3. The total liquefaction costs of Western Canada LNG (all costs except for natural gas) are
higher than for the US GoM-based project.
Do you see the issue now? These calculations for viability,while approximates, actually included the provincial governments ‘incentives’ aka subsidies, at an LNG price that was much higher than it is now.
The report mentions how governments could make it more competitive by offering more incentives. (I recently explored the amount of lobbying going on by CAPP and other industry groups here : https://lailayuile.com/2020/01/29/lng-lobbyists-policy-why-big-money-is-still-a-very-big-problem-in-bc-politics/ )
The questions surrounding the economics alone are unsettling. BC LNG projects require much higher LNG prices AND an oil price $80 just to break even. To make a profit it would have to be even higher.
This is why those LNG lobbyists are all busy lobbying right now. They want better policy for them and more subsidies to ensure the industry can make money.
It’s even been questioned why LNG Canada would even go ahead with such challenges. Some analysts speculate it’s just a way for LNG Canadas partners to lock down a dedicated gas supply for 40 years. Pretty much on BC taxpayers dime.
Marc Lee touches on this in his dissection of the LNG subsidies given by our current government. I suggest you read it if you haven’t. https://www.policyalternatives.ca/sites/default/files/uploads/publications/BC%20Office/2019/05/CCPA_BC%20Critiquing%20the%20LNG%20Canada%20agreement_FINAL_190506.pdf
Further food for thought on the challenging economics and viability of LNG can be found here, in this Oxford Energy Study: https://www.oxfordenergy.org/wpcms/wp-content/uploads/2019/10/Challenges-to-the-Future-of-LNG-NG-152.pdf?v=3e8d115eb4b3
One thing before I go. Boosters keep pushing the save China from air pollution and coal line. Frankly, it’s bunk. Yes, LNG is used overseas and it will continue to be. But coal is very cheap right now and will be used heavily for years to come. Right now Japan is racing to build new coal plants, despite knowing how environmentally unsound it is. https://www.nytimes.com/2020/02/03/climate/japan-coal-fukushima.html
And China is not only building more coal plants, it is also financing others in less developed countries who can’t get financing for them anywhere else.
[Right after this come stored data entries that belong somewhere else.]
(* Let $f_0$ be a continuous probability density on $\mathbb{R}$ with $f_0(-z)=f_0(z)$ for all $z$, and let $F_0(x)=\int_{-\infty}^x f_0(z)\,dz$. For $\alpha>0,\theta>0$ let $g(\theta\mid\alpha)=\alpha f_0(\alpha\theta)$. Assume: (a) for all $0<\alpha_1<\alpha_2$, the ratio $g(\theta\mid\alpha_2)/g(\theta\mid\alpha_1)$ is strictly monotone in $\theta\in(0,\infty)$ (strict monotone likelihood ratio); (b) for all $0<\alpha_1<\alpha_2$, the function $\theta\mapsto \log\frac{g(\theta\mid\alpha_2)}{g(\theta\mid\alpha_1)}$ is convex on $(0,\infty)$. Let $X$ have density $\frac1\sigma f_0\big(\frac{x-\mu}{\sigma}\big)$, $\mu\in\mathbb{R}$, $\sigma>0$. Then: (i) for each $c>1$ the equation $$\frac{f_0\big(\frac{c}{c+1}\theta\big)}{f_0\big(\frac{c}{c-1}\theta\big)} = \frac{c+1}{c-1}$$ has a unique root $\theta=\theta(c)>0$; (ii) $\theta(c)$ is continuous in $c\in(1,\infty)$; (iii) for every $c>1$, $$\inf_{\mu\in\mathbb{R},\,\sigma>0} P_{\mu,\sigma}\big(X-c|X|\le\mu\le X+c|X|\big) = \psi(c) := F_0\Big(\frac{c}{c+1}\theta(c)\Big)+1-F_0\Big(\frac{c}{c-1}\theta(c)\Big);$$ (iv) $\psi(c)$ is continuous in $c\in(1,\infty)$. *)

theory Defs
  imports "HOL-Analysis.Analysis"
begin

definition sym_cont_density :: "(real \<Rightarrow> real) \<Rightarrow> bool" where
  "sym_cont_density f0 \<longleftrightarrow>
     continuous_on UNIV f0 \<and> (\<forall>z. 0 \<le> f0 z) \<and>
     integrable lborel f0 \<and> integral\<^sup>L lborel f0 = 1 \<and>
     (\<forall>z. f0 (- z) = f0 z)"

definition cdf0 :: "(real \<Rightarrow> real) \<Rightarrow> real \<Rightarrow> real" where
  "cdf0 f0 x = (LINT z:{..x}|lborel. f0 z)"

definition gsc :: "(real \<Rightarrow> real) \<Rightarrow> real \<Rightarrow> real \<Rightarrow> real" where
  "gsc f0 \<alpha> \<theta> = \<alpha> * f0 (\<alpha> * \<theta>)"

definition strictly_monotone_on :: "real set \<Rightarrow> (real \<Rightarrow> real) \<Rightarrow> bool" where
  "strictly_monotone_on A h \<longleftrightarrow>
     monotone_on A (<) (<) h \<or> monotone_on A (<) (>) h"

definition root_eq :: "(real \<Rightarrow> real) \<Rightarrow> real \<Rightarrow> real \<Rightarrow> bool" where
  "root_eq f0 c \<theta> \<longleftrightarrow>
     f0 (c / (c + 1) * \<theta>) / f0 (c / (c - 1) * \<theta>) = (c + 1) / (c - 1)"

definition theta :: "(real \<Rightarrow> real) \<Rightarrow> real \<Rightarrow> real" where
  "theta f0 c = (THE t. 0 < t \<and> root_eq f0 c t)"
text \<open>The constant profile \<open>-1\<close> lies in \<open>J'(-1)\<close> with both energies zero, and adding
  \<open>(t + 1) y\<^sup>2\<close> to it bounds \<open>\<beta>(t)\<close> by a multiple of \<open>(t + 1)\<^sup>4 + 5 (t + 1)\<^sup>2\<close>; this gives
  finiteness and continuity at \<open>-1\<close>.

  Away from \<open>-1\<close> continuity follows from a one-sided estimate that is uniform near every
  \<open>t\<^sub>0\<close>. Let \<open>w \<in> J'(s)\<close> have potential energy \<open>A = \<integral>(w\<^sup>2 - 1)\<^sup>2\<close> and bending energy
  \<open>B = \<integral>w''\<^sup>2\<close>. Then \<open>w + c y\<^sup>k \<in> J'(s + c)\<close>, and Young's inequality with the weight
  \<open>\<theta> = (B/A)\<^sup>1\<^sup>/\<^sup>4\<close> that balances \<open>A\<^sup>3\<^sup>/\<^sup>4 B\<^sup>1\<^sup>/\<^sup>4\<close> bounds \<open>\<Phi>(w + c y\<^sup>k)\<close>; choosing \<open>k \<approx> \<theta>\<close>
  makes the increase at most \<open>\<tau> \<Phi>(w) + C c\<^sup>2\<close>. The constant \<open>C\<close> only depends on upper bounds
  for \<open>\<Phi>(w)\<close> and \<open>1/\<theta>\<close>, and \<open>\<theta>\<close> is bounded below because \<open>B \<ge> (s + 1)\<^sup>2\<close>, which follows
  from \<open>|w'| \<le> \<surd>B\<close>. Applying the estimate from \<open>t\<^sub>0\<close> and towards \<open>t\<^sub>0\<close> gives continuity.

  The weak-derivative facts behind this (the fundamental theorem of calculus, and uniqueness of
  \<open>w''\<close> almost everywhere) are proved with smooth cutoffs built from \<open>e\<^sup>-\<^sup>1\<^sup>/\<^sup>x\<close>.\<close>

section \<open>Smooth cutoff functions\<close>

fun differentiable_upto :: "nat \<Rightarrow> (real \<Rightarrow> real) \<Rightarrow> bool" where
  "differentiable_upto 0 f \<longleftrightarrow> (\<forall>x. f differentiable (at x))"
| "differentiable_upto (Suc n) f \<longleftrightarrow> (\<forall>x. f differentiable (at x)) \<and> differentiable_upto n (deriv f)"

lemma differentiable_upto_imp_differentiable: "differentiable_upto n f \<Longrightarrow> f differentiable (at x)"
  by (cases n) auto

lemma differentiable_upto_SucD: "differentiable_upto (Suc n) f \<Longrightarrow> differentiable_upto n f"
  by (induction n arbitrary: f) auto

lemma differentiable_upto_funpow_deriv:
  "(\<And>n. differentiable_upto n f) \<Longrightarrow> ((deriv ^^ n) f) differentiable (at x)"
proof (induction n arbitrary: f)
  case 0
  then show ?case using differentiable_upto_imp_differentiable[of 0 f] by simp
next
  case (Suc n)
  have "differentiable_upto m (deriv f)" for m using Suc.prems[of "Suc m"] by simp
  then show ?case using Suc.IH by (simp add: funpow_Suc_right del: funpow.simps)
qed

lemma deriv_eq_if_has_derivative: "(\<And>x. (f has_real_derivative f' x) (at x)) \<Longrightarrow> deriv f = f'"
  by (rule ext) (simp add: DERIV_imp_deriv)

lemma differentiable_upto_imp_continuous_deriv:
  "differentiable_upto (Suc n) f \<Longrightarrow> continuous_on UNIV (deriv f)"
  by (auto simp: differentiable_upto_imp_differentiable continuous_at_imp_continuous_on
      differentiable_imp_continuous_within)

lemma differentiable_upto_const: "differentiable_upto n (\<lambda>x. c)"
proof (induction n arbitrary: c)
  case (Suc n)
  have "deriv (\<lambda>x. c) = (\<lambda>x. 0)" by (rule deriv_eq_if_has_derivative) simp
  then show ?case using Suc by simp
qed simp

lemma differentiable_upto_add:
  "differentiable_upto n f \<Longrightarrow> differentiable_upto n g \<Longrightarrow> differentiable_upto n (\<lambda>x. f x + g x)"
proof (induction n arbitrary: f g)
  case (Suc n)
  have "deriv (\<lambda>x. f x + g x) = (\<lambda>x. deriv f x + deriv g x)"
    using Suc.prems by (intro deriv_eq_if_has_derivative)
      (auto intro!: derivative_eq_intros DERIV_deriv_iff_real_differentiable[THEN iffD2])
  then show ?case using Suc by auto
qed auto

lemma differentiable_upto_diff:
  "differentiable_upto n f \<Longrightarrow> differentiable_upto n g \<Longrightarrow> differentiable_upto n (\<lambda>x. f x - g x)"
proof (induction n arbitrary: f g)
  case (Suc n)
  have "deriv (\<lambda>x. f x - g x) = (\<lambda>x. deriv f x - deriv g x)"
    using Suc.prems by (intro deriv_eq_if_has_derivative)
      (auto intro!: derivative_eq_intros DERIV_deriv_iff_real_differentiable[THEN iffD2])
  then show ?case using Suc by auto
qed auto

lemma differentiable_upto_mult:
  "differentiable_upto n f \<Longrightarrow> differentiable_upto n g \<Longrightarrow> differentiable_upto n (\<lambda>x. f x * g x)"
proof (induction n arbitrary: f g)
  case (Suc n)
  have "deriv (\<lambda>x. f x * g x) = (\<lambda>x. deriv f x * g x + f x * deriv g x)"
    using Suc.prems by (intro deriv_eq_if_has_derivative)
      (auto intro!: derivative_eq_intros DERIV_deriv_iff_real_differentiable[THEN iffD2])
  moreover have "differentiable_upto n (\<lambda>x. deriv f x * g x)" "differentiable_upto n (\<lambda>x. f x * deriv g x)"
    using Suc differentiable_upto_SucD by auto
  ultimately show ?case using Suc by (auto intro: differentiable_upto_add)
qed auto

lemma differentiable_upto_inverse:
  "differentiable_upto n g \<Longrightarrow> (\<And>x. g x \<noteq> 0) \<Longrightarrow> differentiable_upto n (\<lambda>x. inverse (g x))"
proof (induction n arbitrary: g)
  case 0
  then show ?case
    by (auto intro!: differentiable_compose[where f=inverse] simp: field_differentiable_imp_differentiable)
next
  case (Suc n)
  let ?h = "\<lambda>x. inverse (g x)"
  have "deriv ?h = (\<lambda>x. - deriv g x * (?h x * ?h x))"
    using Suc.prems by (intro deriv_eq_if_has_derivative)
      (auto intro!: derivative_eq_intros DERIV_deriv_iff_real_differentiable[THEN iffD2]
        simp: power2_eq_square)
  moreover have h: "differentiable_upto n ?h"
    using Suc.IH[OF differentiable_upto_SucD[OF Suc.prems(1)] Suc.prems(2)] .
  moreover have "differentiable_upto n (\<lambda>x. - deriv g x)"
    using Suc differentiable_upto_mult[of n "\<lambda>x. -1" "deriv g"] differentiable_upto_const by auto
  ultimately have "differentiable_upto n (deriv ?h)"
    using differentiable_upto_mult[OF _ differentiable_upto_mult[OF h h]] by presburger
  then show ?case using differentiable_upto_imp_differentiable[OF h] by simp
qed

lemma differentiable_upto_compose_affine:
  "differentiable_upto n f \<Longrightarrow> differentiable_upto n (\<lambda>x. f (a * x + b))"
proof (induction n arbitrary: f)
  case 0
  then show ?case by (auto intro: differentiable_compose[where f=f])
next
  case (Suc n)
  have "deriv (\<lambda>x. f (a * x + b)) = (\<lambda>x. a * deriv f (a * x + b))"
  proof (rule deriv_eq_if_has_derivative)
    fix x
    have "f differentiable (at (a * x + b))" using Suc.prems by simp
    then have "((\<lambda>x. f (a * x + b)) has_real_derivative deriv f (a * x + b) * a) (at x)"
      by (intro DERIV_chain2[where f=f]) (auto intro!: derivative_eq_intros
          DERIV_deriv_iff_real_differentiable[THEN iffD2])
    then show "((\<lambda>x. f (a * x + b)) has_real_derivative a * deriv f (a * x + b)) (at x)"
      by (simp add: mult.commute)
  qed
  moreover have "differentiable_upto n (\<lambda>x. a * deriv f (a * x + b))"
    using Suc by (auto intro!: differentiable_upto_mult differentiable_upto_const)
  moreover have "(\<lambda>x. f (a * x + b)) differentiable (at x)" for x
    using Suc.prems by (auto intro: differentiable_compose[where f=f])
  ultimately show ?case by simp
qed

text \<open>The derivative of \<open>expinv_poly P\<close> is again of this form, which makes it smooth.\<close>

definition expinv_poly :: "real poly \<Rightarrow> real \<Rightarrow> real" where
  "expinv_poly P x = (if 0 < x then poly P (inverse x) * exp (- inverse x) else 0)"

definition expinv_deriv_poly :: "real poly \<Rightarrow> real poly" where
  "expinv_deriv_poly P = [:0, 0, 1:] * (P - pderiv P)"

lemma poly_times_exp_neg_tendsto_0: "((\<lambda>u. poly (P :: real poly) u * exp (- u)) \<longlongrightarrow> 0) at_top"
proof -
  have "((\<lambda>u. \<Sum>i\<le>degree P. coeff P i * (u ^ i / exp u)) \<longlongrightarrow> (\<Sum>i\<le>degree P. coeff P i * 0)) at_top"
    by (intro tendsto_sum tendsto_mult tendsto_const tendsto_power_div_exp_0)
  moreover have "(\<lambda>u. \<Sum>i\<le>degree P. coeff P i * (u ^ i / exp u)) = (\<lambda>u. poly P u * exp (- u))"
    by (simp add: poly_altdef sum_distrib_right exp_minus divide_inverse mult.assoc)
  ultimately show ?thesis by simp
qed

lemma expinv_poly_has_derivative_0: "(expinv_poly P has_real_derivative 0) (at 0)"
proof -
  have "((\<lambda>h. poly (pCons 0 P) (inverse h) * exp (- inverse h)) \<longlongrightarrow> 0) (at_right (0::real))"
    using filterlim_compose[OF poly_times_exp_neg_tendsto_0[of "pCons 0 P"]
        filterlim_inverse_at_top_right] by (simp add: o_def)
  then have right: "((\<lambda>h. (expinv_poly P (0 + h) - expinv_poly P 0) / h) \<longlongrightarrow> 0) (at_right 0)"
    by (rule Lim_transform_eventually) (use eventually_at_right_less[of "0::real"] in
        \<open>eventually_elim, auto simp: expinv_poly_def divide_inverse mult_ac\<close>)
  have left: "((\<lambda>h. (expinv_poly P (0 + h) - expinv_poly P 0) / h) \<longlongrightarrow> 0) (at_left 0)"
    by (rule Lim_transform_eventually[OF tendsto_const[of 0]])
      (auto simp: expinv_poly_def eventually_at_left_field intro: exI[of _ "-1"])
  show ?thesis using filterlim_split_at[OF left right] by (simp add: DERIV_def)
qed

lemma expinv_poly_has_derivative:
  "(expinv_poly P has_real_derivative expinv_poly (expinv_deriv_poly P) x) (at x)"
proof (cases x "0::real" rule: linorder_cases)
  case less
  have "((\<lambda>_. 0) has_real_derivative expinv_poly (expinv_deriv_poly P) x) (at x)"
    using less by (simp add: expinv_poly_def)
  then show ?thesis
    by (rule has_field_derivative_transform_within_open[where S="{..<0}"])
      (use less in \<open>auto simp: expinv_poly_def\<close>)
next
  case equal
  moreover have "expinv_poly (expinv_deriv_poly P) 0 = 0" by (simp add: expinv_poly_def)
  ultimately show ?thesis using expinv_poly_has_derivative_0 by simp
next
  case greater
  let ?u = "inverse x"
  have "((\<lambda>x. poly P (inverse x) * exp (- inverse x)) has_real_derivative
      poly (pderiv P) ?u * (- (?u ^ 2)) * exp (- ?u) + poly P ?u * (exp (- ?u) * ?u ^ 2)) (at x)"
    using greater
    by (auto intro!: derivative_eq_intros DERIV_chain2[OF poly_DERIV] simp: power2_eq_square)
  moreover have "poly (pderiv P) ?u * (- (?u ^ 2)) * exp (- ?u) + poly P ?u * (exp (- ?u) * ?u ^ 2)
      = expinv_poly (expinv_deriv_poly P) x"
    using greater by (simp add: expinv_poly_def expinv_deriv_poly_def algebra_simps power2_eq_square)
  ultimately show ?thesis
    by (metis (no_types, lifting) expinv_poly_def greater greaterThan_iff open_greaterThan
        has_field_derivative_transform_within_open)
qed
Any LNG we produce is not going to displace the impact of all these new coal plants overseas.
Now we are in a spot where the ndp government has focused so much on one project and industry just like the BC Liberals did, that zero work has been done to diversify and create resilient northern communities that don’t bust when the resource disappears.
A lot can happen in the next few years. Many countries are moving past LNG right to renewables. Investors are wary and just this week the headlines declared worlds top LNG producer is in trouble.
LNG in BC. Is it really the motherlode…or is it just fools gold? Only time will tell.
*** update Feb 20, 2020.
CGL pipeline has applied for a loan or grant from the feds. In essence taxpayers loaning money to help build a pipeline to LNG Canada, a project that isn’t viable without billions in government subsidies.